§ **Material for this task**
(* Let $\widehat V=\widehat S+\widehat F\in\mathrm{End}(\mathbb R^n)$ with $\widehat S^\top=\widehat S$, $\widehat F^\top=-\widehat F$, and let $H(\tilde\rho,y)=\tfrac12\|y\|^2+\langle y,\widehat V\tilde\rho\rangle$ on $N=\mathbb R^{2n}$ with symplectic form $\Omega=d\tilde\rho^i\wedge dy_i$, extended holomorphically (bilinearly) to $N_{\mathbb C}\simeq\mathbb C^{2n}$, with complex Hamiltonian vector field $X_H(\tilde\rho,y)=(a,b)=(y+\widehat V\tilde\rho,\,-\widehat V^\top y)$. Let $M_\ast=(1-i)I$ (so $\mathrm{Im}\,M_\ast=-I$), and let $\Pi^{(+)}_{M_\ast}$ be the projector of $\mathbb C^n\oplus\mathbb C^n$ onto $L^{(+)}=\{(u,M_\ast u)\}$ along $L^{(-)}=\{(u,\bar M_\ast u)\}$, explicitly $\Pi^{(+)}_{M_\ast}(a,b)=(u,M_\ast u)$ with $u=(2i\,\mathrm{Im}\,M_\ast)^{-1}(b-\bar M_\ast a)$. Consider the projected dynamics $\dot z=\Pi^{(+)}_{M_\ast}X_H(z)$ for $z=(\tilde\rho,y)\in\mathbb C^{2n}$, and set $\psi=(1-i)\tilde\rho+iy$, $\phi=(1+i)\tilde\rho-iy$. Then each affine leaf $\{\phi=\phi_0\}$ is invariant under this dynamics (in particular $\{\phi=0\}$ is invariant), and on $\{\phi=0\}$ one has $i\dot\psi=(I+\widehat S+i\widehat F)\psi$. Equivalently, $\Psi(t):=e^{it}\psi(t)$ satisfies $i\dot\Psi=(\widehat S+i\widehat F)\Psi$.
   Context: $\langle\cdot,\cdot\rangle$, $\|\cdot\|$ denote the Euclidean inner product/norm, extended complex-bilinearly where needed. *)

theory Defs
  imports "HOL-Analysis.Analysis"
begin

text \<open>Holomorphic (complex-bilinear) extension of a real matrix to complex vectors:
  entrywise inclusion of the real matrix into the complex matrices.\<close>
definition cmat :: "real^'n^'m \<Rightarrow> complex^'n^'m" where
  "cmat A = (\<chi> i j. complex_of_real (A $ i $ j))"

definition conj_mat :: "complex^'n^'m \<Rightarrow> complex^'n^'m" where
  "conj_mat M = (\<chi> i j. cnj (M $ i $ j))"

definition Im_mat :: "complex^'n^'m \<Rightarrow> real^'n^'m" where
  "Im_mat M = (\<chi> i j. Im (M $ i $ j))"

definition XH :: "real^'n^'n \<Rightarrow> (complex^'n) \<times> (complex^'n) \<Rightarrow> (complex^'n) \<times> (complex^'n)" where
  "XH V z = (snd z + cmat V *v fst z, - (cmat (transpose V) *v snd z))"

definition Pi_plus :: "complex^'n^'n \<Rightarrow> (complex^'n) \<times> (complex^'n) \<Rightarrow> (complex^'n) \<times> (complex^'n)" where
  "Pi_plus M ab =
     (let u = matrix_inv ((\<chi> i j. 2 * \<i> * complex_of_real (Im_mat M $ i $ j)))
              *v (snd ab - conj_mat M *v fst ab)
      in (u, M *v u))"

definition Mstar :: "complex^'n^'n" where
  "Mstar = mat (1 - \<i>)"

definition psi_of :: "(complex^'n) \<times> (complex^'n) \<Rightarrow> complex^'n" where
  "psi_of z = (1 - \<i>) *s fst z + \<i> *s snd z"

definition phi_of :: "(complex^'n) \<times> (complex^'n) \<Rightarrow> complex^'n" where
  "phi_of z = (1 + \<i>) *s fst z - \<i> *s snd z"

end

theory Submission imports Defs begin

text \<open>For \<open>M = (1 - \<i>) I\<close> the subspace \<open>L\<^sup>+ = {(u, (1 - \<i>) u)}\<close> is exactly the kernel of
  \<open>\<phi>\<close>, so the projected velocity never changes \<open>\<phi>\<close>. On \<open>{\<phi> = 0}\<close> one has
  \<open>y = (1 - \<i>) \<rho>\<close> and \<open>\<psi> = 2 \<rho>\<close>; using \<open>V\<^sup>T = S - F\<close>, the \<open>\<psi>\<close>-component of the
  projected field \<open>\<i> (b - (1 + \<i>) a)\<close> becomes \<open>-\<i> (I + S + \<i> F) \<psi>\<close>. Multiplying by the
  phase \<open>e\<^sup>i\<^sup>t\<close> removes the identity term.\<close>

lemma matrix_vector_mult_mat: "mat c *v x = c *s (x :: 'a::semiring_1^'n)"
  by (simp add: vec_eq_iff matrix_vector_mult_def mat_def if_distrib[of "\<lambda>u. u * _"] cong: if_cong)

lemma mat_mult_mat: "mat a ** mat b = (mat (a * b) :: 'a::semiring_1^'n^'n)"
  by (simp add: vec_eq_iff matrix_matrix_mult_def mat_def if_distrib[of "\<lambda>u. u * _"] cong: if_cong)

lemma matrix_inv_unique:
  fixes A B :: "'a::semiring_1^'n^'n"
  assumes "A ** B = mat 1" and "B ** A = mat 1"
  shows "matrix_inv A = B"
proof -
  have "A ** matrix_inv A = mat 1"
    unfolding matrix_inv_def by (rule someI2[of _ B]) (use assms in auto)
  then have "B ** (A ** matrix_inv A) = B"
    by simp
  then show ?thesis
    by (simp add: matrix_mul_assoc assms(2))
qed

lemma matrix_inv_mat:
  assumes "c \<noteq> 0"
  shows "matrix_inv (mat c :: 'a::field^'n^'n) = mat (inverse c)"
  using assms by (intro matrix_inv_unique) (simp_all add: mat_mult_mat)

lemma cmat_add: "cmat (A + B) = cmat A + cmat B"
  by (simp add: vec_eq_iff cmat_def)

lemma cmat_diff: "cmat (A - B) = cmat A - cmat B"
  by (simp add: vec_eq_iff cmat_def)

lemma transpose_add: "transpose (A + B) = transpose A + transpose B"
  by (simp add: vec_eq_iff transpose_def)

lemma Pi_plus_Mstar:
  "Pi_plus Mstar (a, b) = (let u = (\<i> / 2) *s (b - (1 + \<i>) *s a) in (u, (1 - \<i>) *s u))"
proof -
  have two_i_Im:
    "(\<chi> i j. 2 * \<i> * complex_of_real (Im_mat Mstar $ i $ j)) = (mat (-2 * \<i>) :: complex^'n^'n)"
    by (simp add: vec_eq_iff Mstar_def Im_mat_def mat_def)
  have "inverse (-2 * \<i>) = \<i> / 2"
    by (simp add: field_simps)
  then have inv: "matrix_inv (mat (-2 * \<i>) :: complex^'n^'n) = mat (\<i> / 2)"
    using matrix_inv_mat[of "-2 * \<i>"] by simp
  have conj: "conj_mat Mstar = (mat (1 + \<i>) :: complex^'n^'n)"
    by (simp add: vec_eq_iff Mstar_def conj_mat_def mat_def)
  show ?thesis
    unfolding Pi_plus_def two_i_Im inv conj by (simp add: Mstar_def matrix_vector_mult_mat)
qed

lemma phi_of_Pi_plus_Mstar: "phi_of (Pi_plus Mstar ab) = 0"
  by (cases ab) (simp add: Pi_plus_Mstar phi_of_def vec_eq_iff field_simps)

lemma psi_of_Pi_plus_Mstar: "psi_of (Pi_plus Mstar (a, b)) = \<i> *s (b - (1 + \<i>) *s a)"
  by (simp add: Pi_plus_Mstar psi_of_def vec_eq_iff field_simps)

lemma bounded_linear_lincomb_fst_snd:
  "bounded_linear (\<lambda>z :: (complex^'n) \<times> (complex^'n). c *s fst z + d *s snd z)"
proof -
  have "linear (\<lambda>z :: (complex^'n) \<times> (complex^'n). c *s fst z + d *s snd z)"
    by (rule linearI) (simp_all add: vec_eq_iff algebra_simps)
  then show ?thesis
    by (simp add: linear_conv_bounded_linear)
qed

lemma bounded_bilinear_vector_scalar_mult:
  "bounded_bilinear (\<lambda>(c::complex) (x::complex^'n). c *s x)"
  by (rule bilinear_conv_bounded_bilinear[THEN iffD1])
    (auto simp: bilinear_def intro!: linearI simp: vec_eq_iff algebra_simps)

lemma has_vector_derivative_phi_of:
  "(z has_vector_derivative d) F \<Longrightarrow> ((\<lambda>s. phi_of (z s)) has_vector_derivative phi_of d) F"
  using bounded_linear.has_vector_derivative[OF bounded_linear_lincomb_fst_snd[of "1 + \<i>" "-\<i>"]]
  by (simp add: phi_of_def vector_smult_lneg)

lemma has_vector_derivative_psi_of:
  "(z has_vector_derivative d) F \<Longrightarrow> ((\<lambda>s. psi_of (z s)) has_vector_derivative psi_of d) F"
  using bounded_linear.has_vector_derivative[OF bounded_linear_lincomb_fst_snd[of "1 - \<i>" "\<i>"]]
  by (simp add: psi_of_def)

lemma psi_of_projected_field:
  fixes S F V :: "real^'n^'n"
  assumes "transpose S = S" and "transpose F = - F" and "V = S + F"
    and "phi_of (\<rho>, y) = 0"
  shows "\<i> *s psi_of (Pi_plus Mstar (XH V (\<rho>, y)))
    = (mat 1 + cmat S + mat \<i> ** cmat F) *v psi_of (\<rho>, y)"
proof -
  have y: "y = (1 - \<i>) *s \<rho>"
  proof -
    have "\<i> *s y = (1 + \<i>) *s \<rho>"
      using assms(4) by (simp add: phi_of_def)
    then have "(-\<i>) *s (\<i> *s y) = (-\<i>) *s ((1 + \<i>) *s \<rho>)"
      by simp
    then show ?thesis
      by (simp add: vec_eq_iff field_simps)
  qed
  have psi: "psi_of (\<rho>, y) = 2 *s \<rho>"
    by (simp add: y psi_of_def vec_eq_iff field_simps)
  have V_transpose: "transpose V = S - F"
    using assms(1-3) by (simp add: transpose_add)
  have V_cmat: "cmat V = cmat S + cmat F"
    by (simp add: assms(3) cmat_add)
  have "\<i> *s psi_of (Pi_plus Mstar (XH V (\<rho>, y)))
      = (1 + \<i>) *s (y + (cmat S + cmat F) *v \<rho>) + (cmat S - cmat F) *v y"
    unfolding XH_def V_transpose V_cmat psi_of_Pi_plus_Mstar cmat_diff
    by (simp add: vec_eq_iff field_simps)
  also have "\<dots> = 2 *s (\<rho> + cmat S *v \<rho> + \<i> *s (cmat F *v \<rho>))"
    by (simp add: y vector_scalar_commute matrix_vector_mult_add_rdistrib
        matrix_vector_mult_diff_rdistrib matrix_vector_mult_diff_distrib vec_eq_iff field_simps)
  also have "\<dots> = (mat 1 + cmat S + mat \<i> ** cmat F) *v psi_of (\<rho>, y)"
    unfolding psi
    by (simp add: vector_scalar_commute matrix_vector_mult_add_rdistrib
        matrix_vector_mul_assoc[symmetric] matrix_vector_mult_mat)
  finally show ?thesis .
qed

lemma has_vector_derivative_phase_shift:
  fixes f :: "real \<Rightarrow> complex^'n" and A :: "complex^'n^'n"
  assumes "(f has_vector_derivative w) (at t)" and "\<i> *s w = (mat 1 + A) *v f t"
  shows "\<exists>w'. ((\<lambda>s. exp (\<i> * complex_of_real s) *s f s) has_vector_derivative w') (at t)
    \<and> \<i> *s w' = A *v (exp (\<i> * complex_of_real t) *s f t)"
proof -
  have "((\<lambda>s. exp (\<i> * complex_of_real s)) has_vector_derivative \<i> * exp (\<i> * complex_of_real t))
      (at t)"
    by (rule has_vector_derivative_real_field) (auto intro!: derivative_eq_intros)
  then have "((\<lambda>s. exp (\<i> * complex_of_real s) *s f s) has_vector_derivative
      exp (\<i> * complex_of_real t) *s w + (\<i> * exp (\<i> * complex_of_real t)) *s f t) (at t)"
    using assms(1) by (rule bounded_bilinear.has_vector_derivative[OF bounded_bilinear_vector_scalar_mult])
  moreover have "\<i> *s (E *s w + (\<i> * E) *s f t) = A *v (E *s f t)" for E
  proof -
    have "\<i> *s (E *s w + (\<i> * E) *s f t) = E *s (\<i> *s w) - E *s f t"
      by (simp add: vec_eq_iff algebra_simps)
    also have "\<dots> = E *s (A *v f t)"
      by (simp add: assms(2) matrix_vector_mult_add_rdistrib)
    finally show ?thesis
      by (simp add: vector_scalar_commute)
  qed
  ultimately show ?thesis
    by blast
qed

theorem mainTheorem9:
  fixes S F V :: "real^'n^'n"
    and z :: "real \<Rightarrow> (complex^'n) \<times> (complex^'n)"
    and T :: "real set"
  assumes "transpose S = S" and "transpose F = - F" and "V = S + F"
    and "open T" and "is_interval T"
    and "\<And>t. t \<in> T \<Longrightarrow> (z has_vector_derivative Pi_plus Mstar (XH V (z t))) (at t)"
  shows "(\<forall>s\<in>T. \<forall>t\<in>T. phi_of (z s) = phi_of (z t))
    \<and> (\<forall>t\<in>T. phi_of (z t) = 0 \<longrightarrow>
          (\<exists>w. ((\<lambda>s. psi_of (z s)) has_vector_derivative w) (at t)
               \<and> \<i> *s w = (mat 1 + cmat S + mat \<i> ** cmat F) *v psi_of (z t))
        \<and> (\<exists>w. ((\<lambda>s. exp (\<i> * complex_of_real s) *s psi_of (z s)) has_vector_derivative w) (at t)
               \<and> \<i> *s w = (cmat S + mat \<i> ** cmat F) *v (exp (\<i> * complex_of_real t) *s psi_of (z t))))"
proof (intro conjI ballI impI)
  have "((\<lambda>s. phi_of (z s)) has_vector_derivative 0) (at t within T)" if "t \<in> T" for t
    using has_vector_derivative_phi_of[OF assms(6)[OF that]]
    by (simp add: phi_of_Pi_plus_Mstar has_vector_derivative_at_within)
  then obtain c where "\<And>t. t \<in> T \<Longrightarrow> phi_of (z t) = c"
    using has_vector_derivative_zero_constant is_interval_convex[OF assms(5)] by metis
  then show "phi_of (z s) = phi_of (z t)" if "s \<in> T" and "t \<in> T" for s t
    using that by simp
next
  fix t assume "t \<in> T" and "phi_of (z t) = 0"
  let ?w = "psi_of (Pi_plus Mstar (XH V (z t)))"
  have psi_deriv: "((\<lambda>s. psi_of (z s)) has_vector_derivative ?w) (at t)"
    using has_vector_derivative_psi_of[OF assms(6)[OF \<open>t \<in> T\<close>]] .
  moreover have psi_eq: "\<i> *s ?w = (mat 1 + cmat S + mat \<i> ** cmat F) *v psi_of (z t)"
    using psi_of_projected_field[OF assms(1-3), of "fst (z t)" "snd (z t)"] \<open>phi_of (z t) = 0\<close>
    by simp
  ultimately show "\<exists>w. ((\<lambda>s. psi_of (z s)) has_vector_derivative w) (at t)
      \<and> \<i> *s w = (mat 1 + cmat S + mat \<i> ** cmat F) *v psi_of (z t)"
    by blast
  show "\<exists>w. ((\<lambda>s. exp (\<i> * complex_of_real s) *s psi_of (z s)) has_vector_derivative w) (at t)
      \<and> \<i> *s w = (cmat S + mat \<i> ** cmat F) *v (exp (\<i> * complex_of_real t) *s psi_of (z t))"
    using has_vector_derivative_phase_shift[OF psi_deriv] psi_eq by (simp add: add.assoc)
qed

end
---
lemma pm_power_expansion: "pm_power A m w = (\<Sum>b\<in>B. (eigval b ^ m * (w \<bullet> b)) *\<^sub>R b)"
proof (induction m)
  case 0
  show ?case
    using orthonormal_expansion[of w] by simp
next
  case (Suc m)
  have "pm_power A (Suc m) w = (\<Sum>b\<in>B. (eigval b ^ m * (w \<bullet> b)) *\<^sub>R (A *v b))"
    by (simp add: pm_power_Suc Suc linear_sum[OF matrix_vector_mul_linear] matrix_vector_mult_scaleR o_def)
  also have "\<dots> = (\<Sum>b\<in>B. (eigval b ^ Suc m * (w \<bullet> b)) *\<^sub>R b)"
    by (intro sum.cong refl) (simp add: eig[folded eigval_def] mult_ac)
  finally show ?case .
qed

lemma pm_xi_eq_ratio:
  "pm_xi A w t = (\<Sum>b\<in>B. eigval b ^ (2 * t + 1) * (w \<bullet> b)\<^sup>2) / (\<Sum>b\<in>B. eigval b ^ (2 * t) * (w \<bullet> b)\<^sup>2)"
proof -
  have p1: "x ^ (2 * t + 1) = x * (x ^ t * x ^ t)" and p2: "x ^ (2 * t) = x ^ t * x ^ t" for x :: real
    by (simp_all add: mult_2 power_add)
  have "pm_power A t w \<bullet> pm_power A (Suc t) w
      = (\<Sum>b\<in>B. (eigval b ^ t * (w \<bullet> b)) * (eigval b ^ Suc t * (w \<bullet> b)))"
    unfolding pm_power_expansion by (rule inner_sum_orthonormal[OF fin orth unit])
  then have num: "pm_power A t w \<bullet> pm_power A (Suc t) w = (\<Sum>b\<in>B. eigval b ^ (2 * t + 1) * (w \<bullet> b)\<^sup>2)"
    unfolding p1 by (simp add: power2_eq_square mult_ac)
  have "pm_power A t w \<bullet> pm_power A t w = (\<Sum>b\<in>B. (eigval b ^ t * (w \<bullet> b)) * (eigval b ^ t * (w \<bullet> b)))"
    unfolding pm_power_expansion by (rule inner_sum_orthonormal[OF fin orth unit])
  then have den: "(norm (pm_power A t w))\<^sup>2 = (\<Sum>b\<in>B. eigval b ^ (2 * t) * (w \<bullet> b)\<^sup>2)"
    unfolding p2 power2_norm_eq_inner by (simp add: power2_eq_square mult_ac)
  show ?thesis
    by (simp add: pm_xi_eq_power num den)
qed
==
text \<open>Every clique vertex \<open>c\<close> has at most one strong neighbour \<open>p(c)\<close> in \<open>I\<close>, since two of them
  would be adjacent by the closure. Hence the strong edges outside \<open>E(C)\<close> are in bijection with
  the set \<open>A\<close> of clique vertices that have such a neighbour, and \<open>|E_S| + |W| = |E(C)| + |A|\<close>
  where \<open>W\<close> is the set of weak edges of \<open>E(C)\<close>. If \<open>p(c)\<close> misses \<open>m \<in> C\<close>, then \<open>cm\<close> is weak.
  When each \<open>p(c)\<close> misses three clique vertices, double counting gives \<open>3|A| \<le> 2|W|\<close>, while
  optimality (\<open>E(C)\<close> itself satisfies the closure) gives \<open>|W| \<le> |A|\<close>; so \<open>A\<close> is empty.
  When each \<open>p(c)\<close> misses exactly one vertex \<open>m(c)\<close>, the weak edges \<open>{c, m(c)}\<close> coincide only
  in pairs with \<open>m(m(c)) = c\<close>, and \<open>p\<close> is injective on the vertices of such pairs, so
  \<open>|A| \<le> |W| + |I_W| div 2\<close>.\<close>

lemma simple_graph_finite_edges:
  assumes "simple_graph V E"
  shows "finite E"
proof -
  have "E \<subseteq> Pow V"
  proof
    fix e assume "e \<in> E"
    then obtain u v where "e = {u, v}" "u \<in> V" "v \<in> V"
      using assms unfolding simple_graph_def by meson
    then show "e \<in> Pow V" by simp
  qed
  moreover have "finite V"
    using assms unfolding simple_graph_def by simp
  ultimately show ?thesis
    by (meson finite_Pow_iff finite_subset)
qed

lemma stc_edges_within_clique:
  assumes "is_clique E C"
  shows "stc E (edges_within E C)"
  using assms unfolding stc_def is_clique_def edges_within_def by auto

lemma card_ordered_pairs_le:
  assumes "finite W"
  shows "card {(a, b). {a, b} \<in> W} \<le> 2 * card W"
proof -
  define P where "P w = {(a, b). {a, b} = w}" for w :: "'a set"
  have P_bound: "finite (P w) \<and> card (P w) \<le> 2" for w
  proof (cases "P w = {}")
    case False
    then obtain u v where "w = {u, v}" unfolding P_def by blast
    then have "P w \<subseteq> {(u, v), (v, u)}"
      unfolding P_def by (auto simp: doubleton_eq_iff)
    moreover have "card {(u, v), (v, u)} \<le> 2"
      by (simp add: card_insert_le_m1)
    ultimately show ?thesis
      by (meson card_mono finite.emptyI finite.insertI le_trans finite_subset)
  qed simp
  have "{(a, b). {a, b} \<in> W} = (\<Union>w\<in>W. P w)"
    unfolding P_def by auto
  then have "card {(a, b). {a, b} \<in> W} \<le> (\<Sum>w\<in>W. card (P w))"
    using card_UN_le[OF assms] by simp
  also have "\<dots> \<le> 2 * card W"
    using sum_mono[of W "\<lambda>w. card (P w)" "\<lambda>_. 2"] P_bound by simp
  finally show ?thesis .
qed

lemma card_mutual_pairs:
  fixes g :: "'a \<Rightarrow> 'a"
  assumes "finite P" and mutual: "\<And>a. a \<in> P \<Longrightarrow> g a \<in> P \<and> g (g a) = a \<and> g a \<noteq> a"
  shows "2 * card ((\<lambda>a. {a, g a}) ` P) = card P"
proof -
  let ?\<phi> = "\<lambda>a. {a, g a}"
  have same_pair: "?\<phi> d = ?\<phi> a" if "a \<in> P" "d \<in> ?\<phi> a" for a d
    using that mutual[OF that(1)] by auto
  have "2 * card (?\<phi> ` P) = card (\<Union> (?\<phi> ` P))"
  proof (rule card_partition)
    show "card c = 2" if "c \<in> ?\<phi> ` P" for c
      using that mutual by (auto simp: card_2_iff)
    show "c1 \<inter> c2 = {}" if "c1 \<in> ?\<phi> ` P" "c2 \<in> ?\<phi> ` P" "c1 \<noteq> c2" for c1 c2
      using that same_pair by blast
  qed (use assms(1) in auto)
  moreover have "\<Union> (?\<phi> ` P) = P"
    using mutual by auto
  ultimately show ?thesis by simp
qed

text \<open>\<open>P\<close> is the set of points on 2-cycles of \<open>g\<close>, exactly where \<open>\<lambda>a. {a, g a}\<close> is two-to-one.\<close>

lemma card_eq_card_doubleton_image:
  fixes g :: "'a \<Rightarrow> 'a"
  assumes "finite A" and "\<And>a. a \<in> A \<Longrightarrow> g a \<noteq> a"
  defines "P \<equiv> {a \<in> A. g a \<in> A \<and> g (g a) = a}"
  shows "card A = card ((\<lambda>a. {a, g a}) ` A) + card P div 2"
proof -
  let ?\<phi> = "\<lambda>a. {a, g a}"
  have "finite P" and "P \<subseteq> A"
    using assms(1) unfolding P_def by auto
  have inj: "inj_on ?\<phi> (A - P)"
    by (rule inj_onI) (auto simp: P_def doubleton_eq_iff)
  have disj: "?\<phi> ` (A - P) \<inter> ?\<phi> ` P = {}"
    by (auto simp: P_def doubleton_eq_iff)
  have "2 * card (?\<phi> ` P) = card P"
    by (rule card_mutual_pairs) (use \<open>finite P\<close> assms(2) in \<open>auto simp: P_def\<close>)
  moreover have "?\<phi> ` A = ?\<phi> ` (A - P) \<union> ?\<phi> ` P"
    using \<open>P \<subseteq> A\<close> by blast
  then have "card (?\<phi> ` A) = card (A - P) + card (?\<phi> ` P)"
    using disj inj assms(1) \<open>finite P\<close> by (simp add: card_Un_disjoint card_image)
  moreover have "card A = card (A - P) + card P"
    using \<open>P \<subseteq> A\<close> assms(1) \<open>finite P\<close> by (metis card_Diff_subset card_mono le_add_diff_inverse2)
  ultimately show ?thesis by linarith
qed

§ **Your goal**
Check each line of the material for the word "also". State how many have it, and write nothing else.

§ **Solution to this exercise**
5